The Stockholm International Peace Research Institute (SIPRI) uses a metric known as Trend-Indicator Value (TIV) to measure the firearm exports of every nation. Between 1950 and 2017, the U.S. topped the chart with 673.01 billion TIV, followed by Russia, exporting 588.15 TIV and the U.K., with 140.38 TIV. Russia has come under fire by the U.S. media as a hotbed for black-market arms trades, for example, as per its growth after the destabilization of Ukraine. In fact, Russian arms sales have declined by 7.1 percent; as of 2018, the U.S. exports 58 percent more firearms than the oft-maligned Russians. Either a figment of “fake news” or an exposé of the Cold War enemy, American figures have rarely depicted the U.S. as an even greater – in fact, the greatest – participant in the global arms trade, whether legal or not.

Between 2013 and 2017, the U.S. sold arms to at least 98 countries worldwide, totaling 34 percent of global arms trades – over one-third of all guns exported. In fact, half of U.S. firearm exports are sold to the Middle East, where war remains persistent. 60 percent of firearms sold on the dark web have an American origin; the U.S., however, is not only an exporter – one-third of all firearms in the U.S. are imported. Regardless of the popular sentiments amongst young people towards restricting firearms, the Trump administration has further loosened restrictions on firearm exports, simplifying the application process to grow the size of this domestic, though legally operable, cartel.

Even as U.S. policy aims to dismantle Mexican drug cartels, the firearms they possess more often than not were sourced from U.S. dealers – 70 percent of traced and recovered Mexican firearms have an American origin. The fact that U.S. citizens are the most likely to possess firearms than any other citizen of any other nation only bolsters the image that America is the go-to market for firearm needs.

Although popular sentiment, especially amongst today’s youth, revolves around common sense gun control, broader domestic support of the Second Amendment has consequences at home and abroad. While advancing gun ownership has been essential to the American identity, government officials may be interested in preserving Second Amendment rights only to continue to secure the $51.3 billion, as it did in 2016, in revenue that the industry collects annually. Only if the profits from this industry can be replaced by profits elsewhere — and, if continued warfare ceases to be an incentive for profit — can the American gun cartel be curtailed.

While the U.S. has maintained a diplomatic relationship with Saudi Arabia, a leader of OPEC and the largest importer of American firearms, they have maintained a “War on Drugs” against cartels in Mexico and South America. The latter conviction may only be a facade – it is American weapons that supply not only these neighboring cartels, but also the Middle Eastern factions that arise regularly to combat the volatile changes in government that have grown since U.S. involvement.

Restricting the U.S. gun cartel may not end global warfare, and shutting it down completely may not be economically feasible considering the benefits for those participating in the market.
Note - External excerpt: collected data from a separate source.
text \<open>3D arc diagram with base plane z = 0: vertex v sits at (Re (p v), Im (p v), 0); edge
  e = {a,b} is drawn as the circular arc in the vertical plane through a b, lying in z \<ge> 0,
  making angle alpha e in [0, pi/2] with the segment ab at both endpoints. Its tangent ray at
  the endpoint v (towards the other endpoint u) is given below.\<close>
definition arc_tangent :: "('a \<Rightarrow> complex) \<Rightarrow> real \<Rightarrow> 'a \<Rightarrow> 'a \<Rightarrow> real^3" where
  "arc_tangent p a v u =
     (let h = (p u - p v) / of_real (cmod (p u - p v))
      in vector [cos a * Re h, cos a * Im h, sin a])"

definition vec_angle :: "real^3 \<Rightarrow> real^3 \<Rightarrow> real" where
  "vec_angle x y = arccos ((x \<bullet> y) / (norm x * norm y))"

definition arc_diagram_drawing ::
  "'a set \<Rightarrow> 'a set set \<Rightarrow> ('a \<Rightarrow> complex) \<Rightarrow> ('a set \<Rightarrow> real) \<Rightarrow> bool" where
  "arc_diagram_drawing V E p \<alpha> \<longleftrightarrow> inj_on p V \<and> (\<forall>e\<in>E. 0 \<le> \<alpha> e \<and> \<alpha> e \<le> pi / 2)"

definition angular_resolution_ge ::
  "'a set \<Rightarrow> 'a set set \<Rightarrow> ('a \<Rightarrow> complex) \<Rightarrow> ('a set \<Rightarrow> real) \<Rightarrow> real \<Rightarrow> bool" where
  "angular_resolution_ge V E p \<alpha> r \<longleftrightarrow>
     (\<forall>v\<in>V. \<forall>u\<in>nbrs E v. \<forall>w\<in>nbrs E v. u \<noteq> w \<longrightarrow>
        r \<le> vec_angle (arc_tangent p (\<alpha> {v, u}) v u) (arc_tangent p (\<alpha> {v, w}) v w))"

end

(*
  Root the tree at r and put k = ceil (sqrt d). Around each vertex v the neighbours get the
  directions parent_direction v + j * 2 pi / (4 k^2), j = 0, 1, ..., in rotation order starting
  with the parent (at the root, with any neighbour); as deg v <= k^2 they span at most a quarter
  turn. The edge down to a child
  at depth n has length scale^n, with scale = sin (2 pi / (4 k^2)) / 4 so small that the subtree
  of a vertex x stays in the disc of radius 2 scale^(depth x + 1) around x. At every vertex the
  discs of the children and the edges to the other neighbours are then pairwise disjoint, which
  makes the drawing planar.

  The edge from a to its parent gets elevation pi / (4 k) * level a, where the level of a is the
  level of its parent plus the index of a at the parent, mod k; thus at v the edge to the
  neighbour of index j has level (level v + j) mod k. Two edges at v with different levels differ
  in elevation by at least pi / (4 k). Edges with equal levels have indices differing by a
  nonzero multiple of k, so their horizontal directions differ by at least pi / (2 k), and being
  elevated by at most pi / 4 they still meet at an angle of at least pi / (4 k) >= pi / (8 sqrt d).
*)

theory Submission
  imports Defs "HOL-Combinatorics.Orbits"
begin
(* Let $T\in(0,\infty)$, $n\in\mathbb N$, $s\in[0,T)$, $t\in[0,s]$, and let $\psi\colon[0,T]\to[0,\infty]$ be non-increasing. Then $$\sum_{r\in[s,T]}q^{n,[s,T]}(r)\,\psi(r)\le\sum_{r\in[t,T]}q^{n,[t,T]}(r)\,\psi(r).$$
   Context: For $n\in\mathbb N$ let $c^n_1,\dots,c^n_n\in[-1,1]$ be the $n$ distinct roots of the Legendre polynomial $x\mapsto\frac{1}{2^nn!}\frac{d^n}{dx^n}[(x^2-1)^n]$. For $a\in\mathbb R$, $b\in[a,\infty)$ let $q^{n,[a,b]}\colon[a,b]\to\mathbb R$ be $q^{n,[a,b]}(t)=\int_a^b\prod_{i\in\{1,\dots,n\},\,c^n_i\neq\frac{2t-(a+b)}{b-a}}\frac{2x-(b-a)c^n_i-(a+b)}{2t-(b-a)c^n_i-(a+b)}\,dx$ if $a<b$ and $\frac{2t-(a+b)}{b-a}\in\{c^n_1,\dots,c^n_n\}$, and $q^{n,[a,b]}(t)=0$ otherwise (Gauss–Legendre weights with $n$ nodes on $[a,b]$). Sums $\sum_{r\in[a,b]}$ range over the finitely many $r$ with nonzero weight; convention $0\cdot\infty=0$. *)

theory Defs
  imports "HOL-Analysis.Analysis" "HOL-Computational_Algebra.Polynomial"
begin

definition legendre :: "nat \<Rightarrow> real poly" where
  "legendre n = smult (1 / (2 ^ n * fact n)) ((pderiv ^^ n) ([:-1, 0, 1:] ^ n))"

definition legendre_roots :: "nat \<Rightarrow> real set" where
  "legendre_roots n = {x. poly (legendre n) x = 0}"

definition gl_weight :: "nat \<Rightarrow> real \<Rightarrow> real \<Rightarrow> real \<Rightarrow> real" where
  "gl_weight n a b t =
     (if a < b \<and> (2 * t - (a + b)) / (b - a) \<in> legendre_roots n then
        integral {a..b} (\<lambda>x. \<Prod>c \<in> legendre_roots n - {(2 * t - (a + b)) / (b - a)}.
            (2 * x - (b - a) * c - (a + b)) / (2 * t - (b - a) * c - (a + b)))
      else 0)"

text \<open>Quadrature sum over the finitely many r in [a,b] with nonzero weight;
  values in [0,\<infinity>] are represented in ereal, where 0 * \<infinity> = 0.\<close>
definition gl_sum :: "nat \<Rightarrow> real \<Rightarrow> real \<Rightarrow> (real \<Rightarrow> ereal) \<Rightarrow> ereal" where
  "gl_sum n a b \<psi> = (\<Sum>r \<in> {r \<in> {a..b}. gl_weight n a b r \<noteq> 0}. ereal (gl_weight n a b r) * \<psi> r)"

end

theory Submission
  imports Defs
begin

text \<open>
  The substitution \<open>r = (a + b)/2 + (b - a)/2 \<cdot> c\<close> identifies the nodes on \<open>[a, b]\<close> with the
  roots \<open>c\<close> of the Legendre polynomial \<open>P\<^sub>n\<close>, and turns the weight of that node into
  \<open>(b - a)/2 \<cdot> w\<^sub>c\<close>, where \<open>w\<^sub>c = \<integral>\<^sub>-\<^sub>1\<^sup>1 \<ell>\<^sub>c\<close> is the integral of the Lagrange basis
  polynomial of the root \<open>c\<close>. These reference weights are nonnegative: \<open>\<ell>\<^sub>c\<^sup>2 - \<ell>\<^sub>c\<close> vanishes at
  all \<open>n\<close> roots, so it is a multiple of \<open>P\<^sub>n\<close> by a polynomial of degree \<open>< n\<close>, and orthogonality
  of \<open>P\<^sub>n\<close> to lower degrees gives \<open>w\<^sub>c = \<integral>\<^sub>-\<^sub>1\<^sup>1 \<ell>\<^sub>c\<^sup>2 \<ge> 0\<close>. Since the roots lie in \<open>(-1, 1)\<close>
  (Rolle's theorem applied to the derivatives of \<open>(x\<^sup>2 - 1)\<^sup>n\<close>), passing from \<open>[t, T]\<close> to
  \<open>[s, T]\<close> shrinks every weight and moves every node to the right, where \<open>\<psi>\<close> is smaller.
\<close>

lemma poly_Rolle:
  fixes p :: "real poly"
  assumes "a < b" "poly p a = 0" "poly p b = 0"
  obtains z where "a < z" "z < b" "poly (pderiv p) z = 0"
proof -
  have "continuous_on {a..b} (poly p)"
    by (auto intro!: continuous_intros)
  then obtain z where z: "a < z" "z < b" "DERIV (poly p) z :> 0"
    using Rolle[of a b "poly p"] assms by (metis poly_DERIV real_differentiable_def)
  then show ?thesis
    using that DERIV_unique[OF z(3) poly_DERIV] by auto
qed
However, it is important to note that however the media spins the status of American enemies, the U.S. is also complicit.

While promoting Second Amendment constitutional rights, the economic opportunities that U.S. gun policy has initiated has broad socioeconomic benefits that only serve to sustain the cartel. As the domestic firearm industry grows past its homeland borders without restriction, a conflicting world system exists that will continue to demand American firearms as long as warfare, or the potential for it, remains a viable option in international affairs. Perhaps by this policy, foreign nations can now police themselves.